Created on March 26, 1804 from part of Lycoming County and named for General James Potter of Cumberland and later Northumberland Counties, hero of both the French and Indian and Revolutionary Wars, and a member of the Supreme Executive Council and the Council of Censors. It was attached to Lycoming County until 1814 when it was authorized to elect commissioners jointly with McKean County. McKean and Potter Counties were separated in 1824, but Potter was still attached to McKean for judicial purposes. It was fully organized in 1835. Coudersport, the county seat, was laid out in 1807 and incorporated as a borough on February 7, 1848. It was named for Jean Samuel Couderc, an Amsterdam banker.

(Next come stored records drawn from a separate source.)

(* Consider a single bidder with a constrained additive valuation over $m$ items, whose type $t=(t_1,\dots,t_m)\in\mathbb R_{\ge0}^m$ is drawn either from $\mathcal D=\times_{j\in[m]}\mathcal D_j$ or from $\hat{\mathcal D}=\times_{j\in[m]}\hat{\mathcal D}_j$, with $\|\mathcal D_j-\hat{\mathcal D}_j\|_K\le\xi$ for every $j$. Fix any set $S\subseteq[m]$ of available items, any prices $\{p_j\}_{j\in[m]}$ and any entry fee $\delta(S)$. The bidder pays the entry fee and buys her favorite set $S^*\in\arg\max_{S'\subseteq S}v(t,S')-\sum_{j\in S'}p_j$ if its utility is at least $\delta(S)$, and otherwise buys nothing. Let $\mathcal L$ and $\hat{\mathcal L}$ be the distributions of the set of items purchased from $S$ when $t\sim\mathcal D$ and $t\sim\hat{\mathcal D}$ respectively. Then $\|\mathcal L-\hat{\mathcal L}\|_{TV}\le2m\xi$.
   Context: A constrained additive valuation: $t_j$ is the value of item $j$ and $v(t,S)=\max_{R\subseteq S,R\in\mathcal I}\sum_{j\in R}t_j$ for some downward-closed $\mathcal I\subseteq2^{[m]}$. Kolmogorov distance: $\|P-Q\|_K=\sup_x|\Pr_P[X\le x]-\Pr_Q[X\le x]|$. Total variation distance: $\|P-Q\|_{TV}=\sup_E|P(E)-Q(E)|$. *)

theory Defs
  imports "HOL-Probability.Probability"
begin

text \<open>Items are 0,...,m-1. A type is a function t :: nat => real (t j = value of item j).\<close>

definition cadd_val :: "nat set set \<Rightarrow> (nat \<Rightarrow> real) \<Rightarrow> nat set \<Rightarrow> real" where
  "cadd_val I t S = Max ((\<lambda>R. \<Sum>j\<in>R. t j) ` {R. R \<subseteq> S \<and> R \<in> I})"

definition downward_closed :: "nat set set \<Rightarrow> bool" where
  "downward_closed I \<longleftrightarrow> (\<forall>A\<in>I. \<forall>B. B \<subseteq> A \<longrightarrow> B \<in> I)"

definition util :: "nat set set \<Rightarrow> (nat \<Rightarrow> real) \<Rightarrow> (nat \<Rightarrow> real) \<Rightarrow> nat set \<Rightarrow> real" where
  "util I p t S' = cadd_val I t S' - (\<Sum>j\<in>S'. p j)"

Potter CountyAn uninhabited section of overly large Lycoming County, the county was created by the legislature on the same day as McKean and Tioga, to reduce Lycoming County to manageable size. John Keating of Philadelphia owned and developed much of the area. Many early settlers were New Englanders who came from New York; there were only twenty-three residents in 1810. The east-west road across the county sparked commercial progress. A lumber economy led to a population peak of 30,621 in 1900, but then it declined as the forests disappeared. A Norwegian colony started by utopian violinist Ole Bull failed in 1852–53. Before 1860 farmer-lumbermen using small water mills cut most of the lumber in northern section. The virgin white pines were all gone by 1880. Commercial lumbering began in 1837 at Millport. Goodyear Brothers of Buffalo, N.Y. started a second lumber boom in 1884, using railroads and power mills. There was a large tannery at Costello in 1886. Galeton, acquired by the Goodyears, had railroad shops, a tannery, a sawmill, and a brewery. The western section was exploited by a Scranton based company, which did not diversify as Galeton had. It died when the trees were gone, in 1912. Most of the tanneries closed before 1930. Acetate, charcoal, wood alcohol, wood tar were produced from small hardwoods until about 1950. Gas, discovered after 1900, led to glass manufacture that lasted a few decades. Deep gas, discovered in the 1930s, was piped out and sold elsewhere. Today there is some dairy farming in the north, and potatoes have grown well since the 1920s; farms occupy 14 percent of the land. Carbon is now produced. The Bayless Paper Company, begun in 1901 near Austin, did well until its dam burst in 1911. Rebuilt, it carried on until a 1942 flood destroyed it again.